Activity> The lines wanted run from the first one below through the one with "(\<forall>x\<in>J. \<forall>r. r". Return them exactly.

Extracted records
-.-.-

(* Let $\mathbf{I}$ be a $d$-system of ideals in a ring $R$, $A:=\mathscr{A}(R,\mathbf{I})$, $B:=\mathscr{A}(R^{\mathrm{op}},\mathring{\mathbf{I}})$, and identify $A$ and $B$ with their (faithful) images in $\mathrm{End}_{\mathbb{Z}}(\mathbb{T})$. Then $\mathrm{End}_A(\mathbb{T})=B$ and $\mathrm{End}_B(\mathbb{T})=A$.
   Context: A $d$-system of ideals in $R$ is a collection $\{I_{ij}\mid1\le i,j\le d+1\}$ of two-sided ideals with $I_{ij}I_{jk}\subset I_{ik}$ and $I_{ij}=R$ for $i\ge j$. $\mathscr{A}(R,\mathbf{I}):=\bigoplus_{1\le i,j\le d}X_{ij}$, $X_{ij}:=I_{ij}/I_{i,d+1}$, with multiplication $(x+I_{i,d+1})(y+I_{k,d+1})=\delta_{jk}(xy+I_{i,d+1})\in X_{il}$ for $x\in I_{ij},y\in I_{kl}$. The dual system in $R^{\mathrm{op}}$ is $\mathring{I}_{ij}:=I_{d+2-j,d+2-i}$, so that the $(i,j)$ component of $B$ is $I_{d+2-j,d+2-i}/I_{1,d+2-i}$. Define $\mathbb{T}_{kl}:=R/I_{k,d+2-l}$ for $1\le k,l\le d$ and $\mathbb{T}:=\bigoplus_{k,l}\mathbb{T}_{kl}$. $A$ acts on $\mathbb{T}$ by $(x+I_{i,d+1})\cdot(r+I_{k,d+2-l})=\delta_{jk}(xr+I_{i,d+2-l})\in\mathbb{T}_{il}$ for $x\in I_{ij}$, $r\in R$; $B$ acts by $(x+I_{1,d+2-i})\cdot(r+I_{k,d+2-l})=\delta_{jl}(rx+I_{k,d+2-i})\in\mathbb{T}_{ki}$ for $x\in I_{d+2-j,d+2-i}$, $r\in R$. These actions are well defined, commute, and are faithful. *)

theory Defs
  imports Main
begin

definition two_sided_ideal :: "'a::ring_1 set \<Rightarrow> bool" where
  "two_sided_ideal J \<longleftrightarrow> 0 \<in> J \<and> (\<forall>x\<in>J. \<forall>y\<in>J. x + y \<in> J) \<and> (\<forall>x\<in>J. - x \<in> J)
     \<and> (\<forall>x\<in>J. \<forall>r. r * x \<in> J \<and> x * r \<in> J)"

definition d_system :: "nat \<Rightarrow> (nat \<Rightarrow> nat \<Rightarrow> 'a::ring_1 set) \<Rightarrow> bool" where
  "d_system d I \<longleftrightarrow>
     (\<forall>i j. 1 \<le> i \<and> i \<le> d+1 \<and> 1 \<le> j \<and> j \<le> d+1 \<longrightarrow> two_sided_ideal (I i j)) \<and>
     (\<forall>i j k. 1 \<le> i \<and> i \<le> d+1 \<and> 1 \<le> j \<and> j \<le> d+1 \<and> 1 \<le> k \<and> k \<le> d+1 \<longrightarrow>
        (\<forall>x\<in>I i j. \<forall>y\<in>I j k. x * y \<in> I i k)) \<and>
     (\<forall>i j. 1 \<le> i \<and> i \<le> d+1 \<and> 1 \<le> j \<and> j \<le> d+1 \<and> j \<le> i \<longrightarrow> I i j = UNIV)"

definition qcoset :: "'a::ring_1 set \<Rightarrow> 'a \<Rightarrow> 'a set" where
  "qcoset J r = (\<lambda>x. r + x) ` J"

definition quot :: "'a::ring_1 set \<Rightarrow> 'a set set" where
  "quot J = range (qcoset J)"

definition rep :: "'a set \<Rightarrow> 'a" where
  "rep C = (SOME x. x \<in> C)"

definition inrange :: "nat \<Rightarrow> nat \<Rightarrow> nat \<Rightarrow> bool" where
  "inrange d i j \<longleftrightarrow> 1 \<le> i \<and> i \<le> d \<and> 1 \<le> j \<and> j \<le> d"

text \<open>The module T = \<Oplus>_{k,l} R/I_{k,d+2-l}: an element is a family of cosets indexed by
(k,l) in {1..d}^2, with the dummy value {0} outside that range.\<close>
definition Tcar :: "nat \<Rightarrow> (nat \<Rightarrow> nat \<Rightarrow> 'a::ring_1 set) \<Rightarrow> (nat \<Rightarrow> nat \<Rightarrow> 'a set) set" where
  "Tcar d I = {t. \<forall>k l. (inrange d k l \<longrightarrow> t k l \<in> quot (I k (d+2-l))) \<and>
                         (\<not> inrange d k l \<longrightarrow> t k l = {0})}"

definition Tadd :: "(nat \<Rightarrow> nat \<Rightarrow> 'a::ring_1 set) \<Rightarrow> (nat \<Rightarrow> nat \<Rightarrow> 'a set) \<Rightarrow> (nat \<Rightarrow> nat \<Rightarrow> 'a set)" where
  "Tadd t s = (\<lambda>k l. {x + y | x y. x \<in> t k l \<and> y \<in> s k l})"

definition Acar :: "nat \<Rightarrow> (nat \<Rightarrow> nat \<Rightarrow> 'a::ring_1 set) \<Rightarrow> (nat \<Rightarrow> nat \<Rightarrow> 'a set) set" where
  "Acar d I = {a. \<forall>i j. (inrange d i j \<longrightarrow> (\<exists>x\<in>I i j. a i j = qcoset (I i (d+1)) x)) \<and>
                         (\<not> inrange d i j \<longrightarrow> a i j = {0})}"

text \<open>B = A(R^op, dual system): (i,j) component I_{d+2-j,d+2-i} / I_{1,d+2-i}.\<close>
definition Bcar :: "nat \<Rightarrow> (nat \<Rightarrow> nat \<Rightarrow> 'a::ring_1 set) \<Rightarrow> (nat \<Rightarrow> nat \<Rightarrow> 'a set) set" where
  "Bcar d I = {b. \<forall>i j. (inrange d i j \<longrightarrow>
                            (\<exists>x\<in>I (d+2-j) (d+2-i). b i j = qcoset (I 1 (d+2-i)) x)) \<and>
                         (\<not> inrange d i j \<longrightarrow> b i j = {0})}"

-.-.-

Task response>
(* Let $\mathbf{I}$ be a $d$-system of ideals in a ring $R$, $A:=\mathscr{A}(R,\mathbf{I})$, $B:=\mathscr{A}(R^{\mathrm{op}},\mathring{\mathbf{I}})$, and identify $A$ and $B$ with their (faithful) images in $\mathrm{End}_{\mathbb{Z}}(\mathbb{T})$. Then $\mathrm{End}_A(\mathbb{T})=B$ and $\mathrm{End}_B(\mathbb{T})=A$.
   Context: A $d$-system of ideals in $R$ is a collection $\{I_{ij}\mid1\le i,j\le d+1\}$ of two-sided ideals with $I_{ij}I_{jk}\subset I_{ik}$ and $I_{ij}=R$ for $i\ge j$. $\mathscr{A}(R,\mathbf{I}):=\bigoplus_{1\le i,j\le d}X_{ij}$, $X_{ij}:=I_{ij}/I_{i,d+1}$, with multiplication $(x+I_{i,d+1})(y+I_{k,d+1})=\delta_{jk}(xy+I_{i,d+1})\in X_{il}$ for $x\in I_{ij},y\in I_{kl}$. The dual system in $R^{\mathrm{op}}$ is $\mathring{I}_{ij}:=I_{d+2-j,d+2-i}$, so that the $(i,j)$ component of $B$ is $I_{d+2-j,d+2-i}/I_{1,d+2-i}$. Define $\mathbb{T}_{kl}:=R/I_{k,d+2-l}$ for $1\le k,l\le d$ and $\mathbb{T}:=\bigoplus_{k,l}\mathbb{T}_{kl}$. $A$ acts on $\mathbb{T}$ by $(x+I_{i,d+1})\cdot(r+I_{k,d+2-l})=\delta_{jk}(xr+I_{i,d+2-l})\in\mathbb{T}_{il}$ for $x\in I_{ij}$, $r\in R$; $B$ acts by $(x+I_{1,d+2-i})\cdot(r+I_{k,d+2-l})=\delta_{jl}(rx+I_{k,d+2-i})\in\mathbb{T}_{ki}$ for $x\in I_{d+2-j,d+2-i}$, $r\in R$. These actions are well defined, commute, and are faithful. *)

theory Defs
  imports Main
begin

definition two_sided_ideal :: "'a::ring_1 set \<Rightarrow> bool" where
  "two_sided_ideal J \<longleftrightarrow> 0 \<in> J \<and> (\<forall>x\<in>J. \<forall>y\<in>J. x + y \<in> J) \<and> (\<forall>x\<in>J. - x \<in> J)
     \<and> (\<forall>x\<in>J. \<forall>r. r * x \<in> J \<and> x * r \<in> J)"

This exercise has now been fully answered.